Micromagnetic simulations and analytical modelling

These experiments demonstrate stable room-temperature skyrmions in compensated SAFs at zero external magnetic field. However, they raise several questions. First, in these STXM experiments, only the out-of-plane component of the magnetisation is accessible so that the chirality of the spin texture cannot be determined. While left-handed Néel skyrmions are expected from the sign of the DMI at the Pt/Co interface9, the multilayer structure of the SAF leads to additional competing interlayer interactions which can affect the skyrmion texture.
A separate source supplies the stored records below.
(* Let $G$ be a connected block graph on $n$ vertices with set of cut vertices $V_c(G)$, and let $k$ be an integer with $2\le k\le n$. Then $$SW_k(G)=\sum_{v\in V_c(G)} N_k(G\setminus v) + (k-1)\binom{n}{k}.$$
   Context: A block graph is a graph in which every block (maximal connected induced subgraph without cut vertices) is a clique. For connected $G$ and $S\subseteq V(G)$, the Steiner distance $d(S)$ is the minimum number of edges of a connected subgraph of $G$ whose vertex set contains $S$, and $SW_k(G)=\sum_{S\subseteq V(G),|S|=k} d(S)$. $G\setminus v$ is the graph obtained by deleting vertex $v$. For a graph $H$ with $p>1$ connected components $H_1,\dots,H_p$, $$N_k(H)=\sum_{\substack{l_1+\cdots+l_p=k\\0\le l_1,\dots,l_p<k}}\binom{|V(H_1)|}{l_1}\cdots\binom{|V(H_p)|}{l_p},$$ i.e. the number of $k$-subsets of $V(H)$ not contained in a single component; conventions $\binom{m}{0}=1$, $\binom{m}{l}=0$ for $m<l$. *)

theory Defs
  imports Main "HOL-Library.FuncSet"
begin

definition simple_graph :: "'a set \<Rightarrow> ('a \<Rightarrow> 'a \<Rightarrow> bool) \<Rightarrow> bool" where
  "simple_graph V E \<longleftrightarrow> finite V \<and> (\<forall>x y. E x y \<longrightarrow> E y x) \<and> (\<forall>x. \<not> E x x)
     \<and> (\<forall>x y. E x y \<longrightarrow> x \<in> V \<and> y \<in> V)"

definition reach_in :: "('a \<Rightarrow> 'a \<Rightarrow> bool) \<Rightarrow> 'a set \<Rightarrow> 'a \<Rightarrow> 'a \<Rightarrow> bool" where
  "reach_in E S = (\<lambda>a b. E a b \<and> a \<in> S \<and> b \<in> S)\<^sup>*\<^sup>*"

definition connected_on :: "('a \<Rightarrow> 'a \<Rightarrow> bool) \<Rightarrow> 'a set \<Rightarrow> bool" where
  "connected_on E S \<longleftrightarrow> S \<noteq> {} \<and> (\<forall>x\<in>S. \<forall>y\<in>S. reach_in E S x y)"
In FM multilayers, the interlayer stray fields were shown to lead to twisted spin textures along the film thickness, with the formation of Néel caps and layer-dependent chirality44,45,46. While it is anticipated that this effect would vanish in compensated SAF multilayers due to the overall vanishing magnetic moment, the dipolar interaction between neighbouring AF coupled layers may also lead to opposite chiralities between neighbouring FM layers17. Second, the vanishing stray fields in SAFs are also expected to produce very small skyrmions, in the tens of nm range47, while only large diameters are observed experimentally29.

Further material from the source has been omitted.